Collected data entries
(* For all integers $\lambda\geq 1$ we have $\tilde m_\lambda<1/2<m_\lambda$. Moreover, as $\lambda\to\infty$, \[ m_\lambda = \frac 12 + \frac 1{2\sqrt{\pi\lambda}} + \frac{15}{16\sqrt{\pi}\lambda^{3/2}} + O\bigl(\lambda^{-5/2}\bigr) \] and \[ \tilde m_\lambda = \frac 12 - \frac 1{2\sqrt{\pi\lambda}} + \frac{49}{16\sqrt{\pi}\lambda^{3/2}} + O\bigl(\lambda^{-5/2}\bigr). \]
   Context: $s(n)$ denotes the binary sum of digits of $n\ge0$. For $t\ge0$, $c_t$ (resp. $\tilde c_t$) is the asymptotic density of $\{n\ge0: s(n+t)\ge s(n)\}$ (resp. $\{n\ge 0: s(n+t)>s(n)\}$). For $\lambda\ge0$, $m_\lambda = 2^{-\lambda} \sum_{2^\lambda\leq t<2^{\lambda+1}}c_t$ and $\tilde m_\lambda = 2^{-\lambda} \sum_{2^\lambda\leq t<2^{\lambda+1}}\tilde c_t$. *)

theory Defs
  imports "HOL-Analysis.Analysis" "HOL-Library.Landau_Symbols"
begin

fun bsum :: "nat \<Rightarrow> nat" where
  "bsum n = (if n = 0 then 0 else n mod 2 + bsum (n div 2))"

declare bsum.simps[simp del]

definition asymp_density :: "nat set \<Rightarrow> real" where
  "asymp_density A = lim (\<lambda>N. real (card {n \<in> A. n < N}) / real N)"

definition c_t :: "nat \<Rightarrow> real" where
  "c_t t = asymp_density {n. bsum (n + t) \<ge> bsum n}"

definition c_tilde :: "nat \<Rightarrow> real" where
  "c_tilde t = asymp_density {n. bsum (n + t) > bsum n}"

definition m_lam :: "nat \<Rightarrow> real" where
  "m_lam l = (\<Sum>t\<in>{2^l..<2^(l+1)}. c_t t) / 2 ^ l"

definition m_tilde :: "nat \<Rightarrow> real" where
  "m_tilde l = (\<Sum>t\<in>{2^l..<2^(l+1)}. c_tilde t) / 2 ^ l"

end

theory Submission
  imports Defs "HOL-Real_Asymp.Real_Asymp"
begin

text \<open>Write \<open>t = 2^\<lambda> + t'\<close> and \<open>n = 2^\<lambda> q + r\<close> with \<open>t', r < 2^\<lambda>\<close>. Then
  \<open>s(n + t) - s(n) = D + 1 - v\<close>, where \<open>D = s((r + t') mod 2^\<lambda>) - s(r)\<close> only depends on the lower
  block and \<open>v\<close> is the number of trailing ones of \<open>q\<close> (of \<open>q div 2\<close> after a carry), which is
  geometrically distributed independently of \<open>r\<close>. Averaging over \<open>t'\<close> turns \<open>D\<close> into the difference
  of two independent binomial \<open>(\<lambda>, 1/2)\<close> variables, i.e. a centred binomial \<open>(2\<lambda>, 1/2)\<close> variable.
  This gives \<open>m\<^sub>\<lambda> = 1/2 + p (1/2 + \<lambda>/(2\<lambda> + 2) - X/4)\<close> and \<open>m\<^sub>\<lambda>\<tilde> = 1/2 + p (1/2 - X/2)\<close> with
  \<open>p = C(2\<lambda>, \<lambda>) / 4^\<lambda>\<close> and \<open>X = \<Sum>k\<le>\<lambda>. 2^-k C(2\<lambda>, \<lambda> + k) / C(2\<lambda>, \<lambda>)\<close>, and \<open>1 < X < 2\<close>
  yields the inequalities. For the expansions, Wallis' product gives
  \<open>p = (\<pi> (\<lambda> + 1/4))^-1/2 + O(\<lambda>^-5/2)\<close>, and the ratios \<open>C(2\<lambda>, \<lambda> + k) / C(2\<lambda>, \<lambda>)\<close> lie between
  \<open>1 - k\<^sup>2/\<lambda>\<close> and \<open>1 - k\<^sup>2/\<lambda> + k\<^sup>4/\<lambda>\<^sup>2\<close>, which determines \<open>X\<close> up to \<open>O(\<lambda>^-2)\<close>.\<close>

section \<open>Binary digit sums\<close>

lemma bsum_mod_div: "bsum n = n mod 2 + bsum (n div 2)"
  by (cases "n = 0") (simp_all add: bsum.simps[of n] bsum.simps[of 0])

lemma bsum_0 [simp]: "bsum 0 = 0"
  by (simp add: bsum.simps)
lemma frac_image_shifted_interval:
  fixes a b :: real
  assumes "0 < b" "b < a" "a < 1"
  shows "frac ` {a - 1<..<b} = {0..<b} \<union> {a<..<1}"
proof (intro equalityI subsetI)
  fix x assume "x \<in> frac ` {a - 1<..<b}"
  then obtain t where t: "t \<in> {a - 1<..<b}" "x = frac t" by auto
  show "x \<in> {0..<b} \<union> {a<..<1}"
  proof (cases "t < 0")
    case True
    then have "frac t = t + 1" using t assms by (simp add: frac_unique_iff)
    then show ?thesis using t True by auto
  next
    case False
    then have "frac t = t" using t assms by (simp add: frac_eq)
    then show ?thesis using t False by auto
  qed
next
  fix x assume x: "x \<in> {0..<b} \<union> {a<..<1}"
  show "x \<in> frac ` {a - 1<..<b}"
  proof (cases "x < b")
    case True
    then have "frac x = x" "x \<in> {a - 1<..<b}" using x assms by (auto simp: frac_eq)
    then show ?thesis by (metis image_eqI)
  next
    case False
    then have "frac (x - 1) = x" "x - 1 \<in> {a - 1<..<b}" using x assms by (auto simp: frac_unique_iff)
    then show ?thesis by (metis image_eqI)
  qed
qed

lemma continuous_frac_lift:
  fixes g :: "'a::real_normed_vector \<Rightarrow> real"
  assumes "continuous_on S (\<lambda>s. cis (2 * pi * g s))" "contractible S"
    and g: "\<And>s. s \<in> S \<Longrightarrow> 0 \<le> g s \<and> g s < 1" and s0: "s0 \<in> S" "frac x0 = g s0"
  shows "\<exists>L. continuous_on S L \<and> L s0 = x0 \<and> (\<forall>s\<in>S. frac (L s) = g s)"
proof -
  obtain h where h: "continuous_on S h" "\<And>s. s \<in> S \<Longrightarrow> cis (2 * pi * g s) = exp (h s)"
    using continuous_logarithm_on_contractible[OF assms(1,2)] by (metis cis_neq_zero)
  define \<theta> where "\<theta> s = Im (h s) / (2 * pi)" for s
  have \<theta>_int: "\<theta> s - g s \<in> \<int>" if s: "s \<in> S" for s
  proof -
    have "exp (h s) = exp (\<i> * of_real (2 * pi * g s))"
      using h(2)[OF s] by (simp add: cis_conv_exp)
    then obtain k :: int where "h s = \<i> * of_real (2 * pi * g s) + (of_int (2 * k) * pi) * \<i>"
      using exp_eq by blast
    then have "\<theta> s - g s = of_int k" unfolding \<theta>_def by (simp add: field_simps)
    then show ?thesis by simp
  qed
  define L where "L s = \<theta> s - \<theta> s0 + x0" for s
  have "continuous_on S L" unfolding L_def \<theta>_def by (intro continuous_intros h(1)) auto
  moreover have "frac (L s) = g s" if s: "s \<in> S" for s
  proof -
    have "x0 - g s0 \<in> \<int>" using s0(2) by (simp add: frac_unique_iff)
    moreover have "L s - g s = (\<theta> s - g s) - (\<theta> s0 - g s0) + (x0 - g s0)" unfolding L_def by simp
    ultimately have "L s - g s \<in> \<int>" using \<theta>_int s s0(1) by (metis Ints_add Ints_diff)
    then show ?thesis using g[OF s] by (simp add: frac_unique_iff)
  qed
  moreover have "L s0 = x0" unfolding L_def by simp
  ultimately show ?thesis by blast
qed

lemma inj_frac_endpoint_dist_lt_1:
  fixes M :: "real \<Rightarrow> real"
  assumes cont: "continuous_on {0..1} M" and inj: "inj_on (\<lambda>s. frac (M s)) {0..1}"
  shows "\<bar>M 1 - M 0\<bar> < 1"
proof (rule ccontr)
  assume "\<not> ?thesis"
  then obtain s where s: "s \<in> {0..1}" "M s = M 0 + 1 \<or> M s = M 0 - 1"
    using IVT'[OF _ _ _ cont, of "M 0 + 1"] IVT2'[OF _ _ _ cont, of "M 0 - 1"] by force
  then have "frac (M s) = frac (M 0)" by (metis diff_add_cancel frac_1_eq)
  then have "s = 0" using inj s(1) by (auto dest: inj_onD)
  then show False using s(2) by simp
qed

lemma continuous_inj_image_unit_interval:
  fixes M :: "real \<Rightarrow> real"
  assumes cont: "continuous_on {0..1} M" and inj: "inj_on M {0..1}" and "M 1 < M 0"
  shows "M ` {0..1} = {M 1..M 0}"
proof (intro equalityI subsetI)
  fix t assume "t \<in> M ` {0..1}"
  then obtain s where s: "s \<in> {0..1}" "t = M s" by auto
  show "t \<in> {M 1..M 0}"
  proof (cases "s = 0 \<or> s = 1")
    case False
    then show ?thesis using continuous_inj_imp_mono[OF _ _ cont inj, of s] s assms(3) by auto
  qed (use s assms(3) in auto)
next
  fix t assume "t \<in> {M 1..M 0}"
  then show "t \<in> M ` {0..1}" using IVT2'[OF _ _ _ cont, of t] by force
qed

lemma continuous_inj_avoids_Ints:
  fixes M :: "real \<Rightarrow> real"
  assumes cont: "continuous_on {0..1} M" and inj: "inj_on M {0..1}"
    and ends: "M 0 \<in> {0<..<1}" "M 1 \<in> {0<..<1}" and s: "s \<in> {0..1}"
  shows "M s \<notin> \<int>"
proof (cases "s = 0 \<or> s = 1")
  case False
  then have "M s \<in> {0<..<1}" using continuous_inj_imp_mono[OF _ _ cont inj, of s] s ends by auto
  then show ?thesis by (auto elim!: Ints_cases)
qed (use ends in \<open>auto elim!: Ints_cases\<close>)

lemma graph_of_frac_reparametrization:
  fixes \<gamma> :: "real \<Rightarrow> real \<times> real" and M :: "real \<Rightarrow> real"
  assumes "continuous_on {0..1} M" "inj_on M {0..1}" "continuous_on {0..1} (\<lambda>s. snd (\<gamma> s))"
    and "\<And>s. s \<in> {0..1} \<Longrightarrow> fst (\<gamma> s) = frac (M s)"
  shows "\<exists>Y. continuous_on (M ` {0..1}) Y \<and> \<gamma> ` {0..1} = (\<lambda>t. (frac t, Y t)) ` M ` {0..1}"
proof -
  define Y where "Y t = snd (\<gamma> (inv_into {0..1} M t))" for t
  have "continuous_on (M ` {0..1}) (inv_into {0..1} M)"
    by (rule continuous_on_inv[OF assms(1)]) (use assms(2) in auto)
  then have "continuous_on (M ` {0..1}) Y"
    unfolding Y_def by (rule continuous_on_compose2[OF assms(3)]) (auto intro: inv_into_into)
  moreover have "\<gamma> s = (frac (M s), Y (M s))" if "s \<in> {0..1}" for s
    using assms(2,4) that by (simp add: Y_def prod_eq_iff)
  then have "\<gamma> ` {0..1} = (\<lambda>t. (frac t, Y t)) ` M ` {0..1}"
    by (auto simp: image_image intro!: image_cong)
  ultimately show ?thesis by blast
qed

lemma frac_inj: "frac (s::real) = frac t \<Longrightarrow> \<bar>s - t\<bar> < 1 \<Longrightarrow> s = t"
proof (erule frac_eqE)
  fix k :: int assume "s = t + of_int k" "\<bar>s - t\<bar> < 1"
  then have "k = 0" by linarith
  with \<open>s = t + of_int k\<close> show "s = t" by simp
qed

lemma continuous_sign_persists:
  fixes h :: "real \<Rightarrow> real"
  assumes cont: "continuous_on {p..q} h" and s: "s \<in> {p..q}" "h s > 0"
    and no_zero: "\<forall>t\<in>{p<..<q}. h t \<noteq> 0" and t: "t \<in> {p..q}"
  shows "h t \<ge> 0"
proof (rule ccontr)
  assume "\<not> h t \<ge> 0"
  then have ht: "h t < 0" by simp
  have "\<exists>z \<in> {min s t..max s t}. h z = 0"
  proof (cases "t \<le> s")
    case True
    then show ?thesis
      using IVT'[of h t 0 s] ht s t continuous_on_subset[OF cont, of "{t..s}"] by auto
  next
    case False
    then show ?thesis
      using IVT2'[of h t 0 s] ht s t continuous_on_subset[OF cont, of "{s..t}"] by auto
  qed
  then obtain z where "z \<in> {min s t..max s t}" "h z = 0" by blast
  moreover have "z \<noteq> s" "z \<noteq> t" using calculation \<open>h t < 0\<close> s by auto
  ultimately have "z \<in> {p<..<q}" using s(1) t by (auto simp: min_def max_def split: if_splits)
  then show False using no_zero \<open>h z = 0\<close> by blast
qed

lemma IVT_open_zero:
  fixes h :: "real \<Rightarrow> real"
  assumes "continuous_on {p..q} h" "p \<le> q" "h p > 0" "h q < 0"
  shows "\<exists>t\<in>{p<..<q}. h t = 0"
proof -
  obtain z where z: "p \<le> z" "z \<le> q" "h z = 0" using IVT2'[of h q 0 p] assms by auto
  then have "z \<noteq> p" "z \<noteq> q" using assms by auto
  with z show ?thesis by auto
qed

Task brief –
Copy out, in full, each line above that has the word "metis" in it.

Solution for this exercise –
    then show ?thesis by (metis image_eqI)
    then show ?thesis by (metis image_eqI)
    using continuous_logarithm_on_contractible[OF assms(1,2)] by (metis cis_neq_zero)
    ultimately have "L s - g s \<in> \<int>" using \<theta>_int s s0(1) by (metis Ints_add Ints_diff)
  then have "frac (M s) = frac (M 0)" by (metis diff_add_cancel frac_1_eq)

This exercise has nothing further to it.